Tesla, Inc's (NASDAQ:TSLA) stock received a string of price target cuts from sell-side analysts, who blamed their tempered expectations on the slow ramp-up of production at the Giga Shanghai plant. There now appears to be a break in the negative sentiment engulfing the stock.
What Happened: Tesla stock could rocket higher in 2022 as the bear-case scenario fades, Mizuho Securities analyst Vijay Rakesh said in a note on Tuesday, according to Tesmanian.
Rakesh was commenting after Tesla hosted him at the Fremont, California factory.
The analyst said Tesla faces near-term headwinds as Giga Shanghai, which makes up about 40-50% of its total capacity, has yet to produce at pre-lockdown rates. This, however, sets Tesla up for a strong second-half rebound, he added.
Related Link: Elon Musk On Tesla's Long-Term Growth: Why It Hasn't Even Reached 0.1% Of Future Potential
April deliveries may have been at 40,000 units, down 22% from January's 51,000 units, Rakesh noted. This, according to the analyst, could lead to a sequential revenue decline in the June quarter.
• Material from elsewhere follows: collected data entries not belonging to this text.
text \<open>Expanding both sides with \<open>norm_add_sq_complex\<close>, the identity reduces to
  \<open>g + P\<^sup>2 |c|\<^sup>2 / g = 1 + P (|c|\<^sup>2 + 1)\<close>, which is the quadratic equation defining \<open>g\<close>.\<close>
lemma one_plus_norm_add_sq_factor:
  fixes c u :: complex
  assumes "0 \<le> P" and "norm u = 1"
  defines "g \<equiv> geom_mean_gain P (norm c)"
  defines "w \<equiv> of_real (P / g) * cnj c"
  shows "1 + (norm (c + u))\<^sup>2 * P = g * (norm (1 + w * u))\<^sup>2"
proof -
  define X where "X = Re (cnj c * u)"
  have "0 < g"
    unfolding g_def using assms(1) by (rule geom_mean_gain_pos)
  have "w * u = of_real (P / g) * (cnj c * u)"
    by (simp add: w_def)
  then have "(norm (1 + w * u))\<^sup>2 = 1 + (P / g)\<^sup>2 * (norm c)\<^sup>2 + 2 * (P / g) * X"
    using assms(1,2) \<open>0 < g\<close>
    by (simp add: norm_add_sq_complex norm_mult norm_divide power_mult_distrib power_divide X_def)
  then have "g * (norm (1 + w * u))\<^sup>2 = g * (1 + (P / g)\<^sup>2 * (norm c)\<^sup>2 + 2 * (P / g) * X)"
    by simp
  also have "\<dots> = (g\<^sup>2 + P\<^sup>2 * (norm c)\<^sup>2) / g + 2 * P * X"
    using \<open>0 < g\<close> by (simp add: field_simps power2_eq_square)
  also have "g\<^sup>2 + P\<^sup>2 * (norm c)\<^sup>2 = (1 + P * ((norm c)\<^sup>2 + 1)) * g"
    using geom_mean_gain_quadratic[OF assms(1), of "norm c"] unfolding g_def by linarith
  also have "(1 + P * ((norm c)\<^sup>2 + 1)) * g / g = 1 + P * ((norm c)\<^sup>2 + 1)"
    using \<open>0 < g\<close> by simp
  finally have factor_eq: "g * (norm (1 + w * u))\<^sup>2 = 1 + P * ((norm c)\<^sup>2 + 1) + 2 * P * X" .
  have "(norm (c + u))\<^sup>2 = (norm c)\<^sup>2 + 1 + 2 * X"
    using assms(2) by (simp add: norm_add_sq_complex X_def)
  then show ?thesis
    unfolding factor_eq by (simp add: algebra_simps)
qed

lemma phase_mean_log_gain:
  assumes "0 \<le> P"
  shows "(\<integral>\<theta>. log b (1 + (norm (c + cis \<theta>))\<^sup>2 * P) \<partial>phase) = log b (geom_mean_gain P (norm c))"
proof -
  define g where "g = geom_mean_gain P (norm c)"
  define w where "w = of_real (P / g) * cnj c"
  have "norm w < 1"
    unfolding w_def g_def using assms by (rule norm_scaled_cnj_less_one)
  have "0 < g"
    unfolding g_def using assms by (rule geom_mean_gain_pos)
  have "0 < norm (1 + w * cis t)" for t
  proof -
    have "norm (w * cis t) < 1"
      using \<open>norm w < 1\<close> by (simp add: norm_mult)
    then have "w * cis t \<noteq> -1"
      by auto
    then show ?thesis
      by (auto simp: add_eq_0_iff)
  qed
  then have log_eq: "log b (1 + (norm (c + cis t))\<^sup>2 * P) = log b g + 2 * log b (norm (1 + w * cis t))" for t
    using \<open>0 < g\<close> one_plus_norm_add_sq_factor[OF assms norm_cis, of c t]
    by (simp add: g_def w_def log_mult log_nat_power)
  have "((\<lambda>t. log b (norm (1 + w * cis t))) has_integral 0) {0..2*pi}"
    using has_integral_divide[OF has_integral_ln_norm_one_plus_cis[OF \<open>norm w < 1\<close>], of "ln b"]
    by (simp add: log_def)
  from has_integral_add[OF has_integral_const_real[of "log b g" 0 "2*pi"] has_integral_mult_right[OF this, of 2]]
  have "((\<lambda>t. log b (1 + (norm (c + cis t))\<^sup>2 * P)) has_integral 2 * pi * log b g) {0..2*pi}"
    unfolding log_eq by (simp add: algebra_simps)
  then have integral_eq: "integral {0..2*pi} (\<lambda>t. log b (1 + (norm (c + cis t))\<^sup>2 * P)) = 2 * pi * log b g"
    by (rule integral_unique)
  have cont: "continuous_on UNIV (\<lambda>\<theta>. log b (1 + (norm (c + cis \<theta>))\<^sup>2 * P))"
    using assms by (intro continuous_on_log_pos continuous_intros) (simp add: add_pos_nonneg)
  have "(\<integral>\<theta>. log b (1 + (norm (c + cis \<theta>))\<^sup>2 * P) \<partial>phase)
      = integral {0..2*pi} (\<lambda>t. log b (1 + (norm (c + cis t))\<^sup>2 * P)) / (2*pi - 0)"
    by (rule integral_uniform_measure_interval[OF _ cont]) simp
  then show ?thesis
    by (simp add: integral_eq g_def)
qed

section \<open>Expectations over the channel\<close>

lemma prob_space_tx_measure: "prob_space (tx_measure pB)"
  unfolding tx_measure_def by (intro prob_space_pair prob_space_measure_pmf prob_space_phase)

lemma integral_tx_measure:
  assumes "0 \<le> pB" "pB \<le> 1" and "integrable (tx_measure pB) f"
  shows "(\<integral>x. f x \<partial>tx_measure pB)
    = (1 - pB) * (\<integral>\<theta>. f (True, \<theta>) \<partial>phase) + pB * (\<integral>\<theta>. f (False, \<theta>) \<partial>phase)"
proof -
  interpret pair_sigma_finite "measure_pmf (bernoulli_pmf (1 - pB))" phase
    by (intro pair_sigma_finite.intro prob_space_imp_sigma_finite prob_space_measure_pmf prob_space_phase)
  have "(\<integral>x. f x \<partial>tx_measure pB) = (\<integral>\<beta>. (\<integral>\<theta>. f (\<beta>, \<theta>) \<partial>phase) \<partial>bernoulli_pmf (1 - pB))"
    using integral_fst'[OF assms(3)[unfolded tx_measure_def]] by (simp add: tx_measure_def)
  then show ?thesis
    using assms(1,2) by (simp add: algebra_simps)
qed

lemma tx_measurable: "(\<lambda>x. of_bool (fst x) * cis (snd x)) \<in> borel_measurable (tx_measure pB)"
proof -
  have [measurable]: "cis \<in> borel_measurable borel"
    by (intro borel_measurable_continuous_onI continuous_on_cis continuous_on_id)
  show ?thesis
    unfolding tx_measure_def by measurable
qed

lemma chan_measurable: "chan L \<in> borel_measurable (\<Pi>\<^sub>M l\<in>{..<L}. tx_measure pB)"
proof -
  have "(\<lambda>\<omega>. of_bool (fst (\<omega> l)) * cis (snd (\<omega> l))) \<in> borel_measurable (\<Pi>\<^sub>M l\<in>{..<L}. tx_measure pB)"
    if "l \<in> {..<L}" for l
    using measurable_comp[OF measurable_component_singleton[OF that] tx_measurable]
    by (simp add: comp_def)
  then show ?thesis
    unfolding chan_def by (intro borel_measurable_sum) auto
qed

lemma norm_chan_le: "norm (chan L \<omega>) \<le> real L"
proof -
  have "norm (chan L \<omega>) \<le> (\<Sum>l<L. norm (of_bool (fst (\<omega> l)) * cis (snd (\<omega> l))))"
    unfolding chan_def by (rule norm_sum)
  also have "\<dots> \<le> (\<Sum>l<L. 1)"
    by (intro sum_mono) (auto simp: norm_mult)
  finally show ?thesis
    by simp
qed

lemma chan_fun_upd_Suc: "chan (Suc L) (w(L := x)) = chan L w + of_bool (fst x) * cis (snd x)"
proof -
  have "(\<Sum>l<L. of_bool (fst ((w(L := x)) l)) * cis (snd ((w(L := x)) l))) = chan L w"
    unfolding chan_def by (intro sum.cong) auto
  then show ?thesis
    by (simp add: chan_def)
qed

definition chan_expectation :: "real \<Rightarrow> nat \<Rightarrow> (complex \<Rightarrow> real) \<Rightarrow> real" where
  "chan_expectation pB L \<phi> = (\<integral>\<omega>. \<phi> (chan L \<omega>) \<partial>(\<Pi>\<^sub>M l\<in>{..<L}. tx_measure pB))"

lemma prob_space_chan: "prob_space (\<Pi>\<^sub>M l\<in>{..<L}. tx_measure pB)"
  by (intro prob_space_PiM prob_space_tx_measure)

lemma integrable_chan:
  fixes \<phi> :: "complex \<Rightarrow> real"
  assumes "continuous_on UNIV \<phi>"
  shows "integrable (\<Pi>\<^sub>M l\<in>{..<L}. tx_measure pB) (\<lambda>\<omega>. \<phi> (chan L \<omega>))"
proof (rule integrable_continuous_comp_bounded[where X = "chan L"])
  show "finite_measure (\<Pi>\<^sub>M l\<in>{..<L}. tx_measure pB)"
    using prob_space_chan by (rule prob_space.finite_measure)
  show "norm (chan L \<omega>) \<le> real L" for \<omega>
    by (rule norm_chan_le)
qed (use assms chan_measurable in auto)

lemma chan_expectation_Suc:
  assumes "0 \<le> pB" "pB \<le> 1" and \<phi>: "continuous_on UNIV \<phi>" and \<Phi>: "continuous_on UNIV \<Phi>"
    and avg: "\<And>c. (\<integral>\<theta>. \<phi> (c + cis \<theta>) \<partial>phase) = \<Phi> c"
  shows "chan_expectation pB (Suc L) \<phi> = pB * chan_expectation pB L \<phi> + (1 - pB) * chan_expectation pB L \<Phi>"
proof -
  interpret product_sigma_finite "\<lambda>l::nat. tx_measure pB"
    by (intro product_sigma_finite.intro prob_space_imp_sigma_finite prob_space_tx_measure)
  have step: "(\<integral>x. \<phi> (c + of_bool (fst x) * cis (snd x)) \<partial>tx_measure pB) = pB * \<phi> c + (1 - pB) * \<Phi> c"
    for c
  proof -
    have "integrable (tx_measure pB) (\<lambda>x. \<phi> (c + of_bool (fst x) * cis (snd x)))"
    proof (rule integrable_continuous_comp_bounded[where X = "\<lambda>x. c + of_bool (fst x) * cis (snd x)"])
      show "finite_measure (tx_measure pB)"
        using prob_space_tx_measure by (rule prob_space.finite_measure)
      show "(\<lambda>x. c + of_bool (fst x) * cis (snd x)) \<in> borel_measurable (tx_measure pB)"
        using tx_measurable by simp
      show "norm (c + of_bool (fst x) * cis (snd x)) \<le> norm c + 1" for x
        using norm_triangle_ineq[of c "cis (snd x)"] by (cases "fst x") simp_all
    qed (rule \<phi>)
    then show ?thesis
      using assms(1,2) by (simp add: integral_tx_measure avg prob_space.prob_space[OF prob_space_phase])
  qed
  have "{..<Suc L} = insert L {..<L}"
    by auto
  then have "chan_expectation pB (Suc L) \<phi>
      = (\<integral>w. (\<integral>x. \<phi> (chan (Suc L) (w(L := x))) \<partial>tx_measure pB) \<partial>(\<Pi>\<^sub>M l\<in>{..<L}. tx_measure pB))"
    using integrable_chan[OF \<phi>, of "Suc L" pB]
    by (simp add: chan_expectation_def product_integral_insert)
  also have "\<dots> = (\<integral>w. pB * \<phi> (chan L w) + (1 - pB) * \<Phi> (chan L w) \<partial>(\<Pi>\<^sub>M l\<in>{..<L}. tx_measure pB))"
    by (simp only: chan_fun_upd_Suc step)
  also have "\<dots> = pB * chan_expectation pB L \<phi> + (1 - pB) * chan_expectation pB L \<Phi>"
    using integrable_chan[OF \<phi>, of L pB] integrable_chan[OF \<Phi>, of L pB]
    by (simp add: chan_expectation_def)
  finally show ?thesis .
qed

lemma chan_expectation_add:
  assumes "continuous_on UNIV \<phi>" "continuous_on UNIV \<psi>"
  shows "chan_expectation pB L (\<lambda>z. \<phi> z + \<psi> z) = chan_expectation pB L \<phi> + chan_expectation pB L \<psi>"
  unfolding chan_expectation_def using integrable_chan[OF assms(1)] integrable_chan[OF assms(2)]
  by (rule Bochner_Integration.integral_add)

lemma chan_expectation_cmult: "chan_expectation pB L (\<lambda>z. a * \<phi> z) = a * chan_expectation pB L \<phi>"
  by (simp add: chan_expectation_def)

lemma chan_expectation_const: "chan_expectation pB L (\<lambda>z. a) = a"
proof -
  interpret prob_space "\<Pi>\<^sub>M l\<in>{..<L}. tx_measure pB"
    by (rule prob_space_chan)
  show ?thesis
    by (simp add: chan_expectation_def prob_space)
qed

lemma chan_expectation_0: "chan_expectation pB 0 \<phi> = \<phi> 0"
  using chan_expectation_const[of pB 0 "\<phi> 0"] by (simp add: chan_expectation_def chan_def)

lemma chan_expectation_mono:
  assumes "continuous_on UNIV \<phi>" "continuous_on UNIV \<psi>" and "\<And>z. \<phi> z \<le> \<psi> z"
  shows "chan_expectation pB L \<phi> \<le> chan_expectation pB L \<psi>"
  unfolding chan_expectation_def using integrable_chan[OF assms(1)] integrable_chan[OF assms(2)] assms(3)
  by (rule integral_mono)

lemma chan_expectation_strict_mono:
  assumes "continuous_on UNIV \<phi>" "continuous_on UNIV \<psi>" and "\<And>z. \<phi> z < \<psi> z"
  shows "chan_expectation pB L \<phi> < chan_expectation pB L \<psi>"
proof -
  interpret prob_space "\<Pi>\<^sub>M l\<in>{..<L}. tx_measure pB"
    by (rule prob_space_chan)
  show ?thesis
    unfolding chan_expectation_def using integrable_chan[OF assms(1)] integrable_chan[OF assms(2)] assms(3)
    by (intro integral_less_AE_space) (auto simp: emeasure_space_1)
qed

lemma chan_expectation_norm_sq:
  assumes "0 \<le> pB" "pB \<le> 1"
  shows "chan_expectation pB L (\<lambda>z. (norm z)\<^sup>2) = (1 - pB) * L"
proof (induction L)
  case 0
  show ?case
    by (simp add: chan_expectation_0)
next
  case (Suc L)
  have cont: "continuous_on UNIV (\<lambda>z::complex. (norm z)\<^sup>2)"
    by (intro continuous_intros)
  have "chan_expectation pB (Suc L) (\<lambda>z. (norm z)\<^sup>2)
      = pB * chan_expectation pB L (\<lambda>z. (norm z)\<^sup>2) + (1 - pB) * chan_expectation pB L (\<lambda>z. (norm z)\<^sup>2 + 1)"
    using cont by (intro chan_expectation_Suc assms continuous_intros phase_mean_norm_add_cis_sq)
  also have "chan_expectation pB L (\<lambda>z. (norm z)\<^sup>2 + 1) = chan_expectation pB L (\<lambda>z. (norm z)\<^sup>2) + 1"
    using cont by (simp add: chan_expectation_add chan_expectation_const)
  finally show ?case
    by (simp add: Suc.IH algebra_simps)
qed

lemma chan_expectation_norm_pow4:
  assumes "0 \<le> pB" "pB \<le> 1"
  shows "chan_expectation pB L (\<lambda>z. (norm z) ^ 4) = (1 - pB) * L + 2 * (1 - pB)\<^sup>2 * L * (real L - 1)"
proof (induction L)
  case 0
  show ?case
    by (simp add: chan_expectation_0)
next
  case (Suc L)
  have cont2: "continuous_on UNIV (\<lambda>z::complex. (norm z)\<^sup>2)"
    and cont4: "continuous_on UNIV (\<lambda>z::complex. (norm z) ^ 4)"
    by (intro continuous_intros)+
  have "chan_expectation pB (Suc L) (\<lambda>z. (norm z) ^ 4)
      = pB * chan_expectation pB L (\<lambda>z. (norm z) ^ 4)
        + (1 - pB) * chan_expectation pB L (\<lambda>z. ((norm z)\<^sup>2 + 1)\<^sup>2 + 2 * (norm z)\<^sup>2)"
    using cont4 by (intro chan_expectation_Suc assms continuous_intros phase_mean_norm_add_cis_pow4)
  also have "(\<lambda>z::complex. ((norm z)\<^sup>2 + 1)\<^sup>2 + 2 * (norm z)\<^sup>2) = (\<lambda>z. (norm z) ^ 4 + 4 * (norm z)\<^sup>2 + 1)"
    by (simp add: fun_eq_iff power2_eq_square power4_eq_xxxx algebra_simps)
  also have "chan_expectation pB L \<dots>
      = chan_expectation pB L (\<lambda>z. (norm z) ^ 4) + 4 * ((1 - pB) * L) + 1"
    using cont2 cont4 assms
    by (simp add: chan_expectation_add chan_expectation_cmult chan_expectation_const
        chan_expectation_norm_sq continuous_intros)
  finally show ?case
    by (simp add: Suc.IH power2_eq_square algebra_simps)
qed

section \<open>The ergodic rate\<close>

lemma continuous_on_log_one_plus_norm_sq:
  assumes "0 \<le> P"
  shows "continuous_on UNIV (\<lambda>z::complex. log b (1 + (norm z)\<^sup>2 * P))"
  using assms by (intro continuous_on_log_pos continuous_intros) (simp add: add_pos_nonneg)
"That said, we believe a potentially stronger SepQ/DecQ rebound is possible with improved supply chains and Berlin ramping," Rakesh said.
Why It's Important: Tesla's Giga Shanghai has begun running two shifts since last week, and it is rumored that production at the plant may have returned to 70% of pre-COVID levels.
The opening of two new Gigas in Texas and Berlin may take some pressure off the production-constrained Shanghai plant. Giga Shanghai, however, is important, not only from the perspective of output, but also for margins.
Rakesh reaffirmed his Buy rating and $1,300 price target for Tesla stock.
Tesla shares were up 1.06% on Wednesday morning at $766.28, according to Benzinga Pro.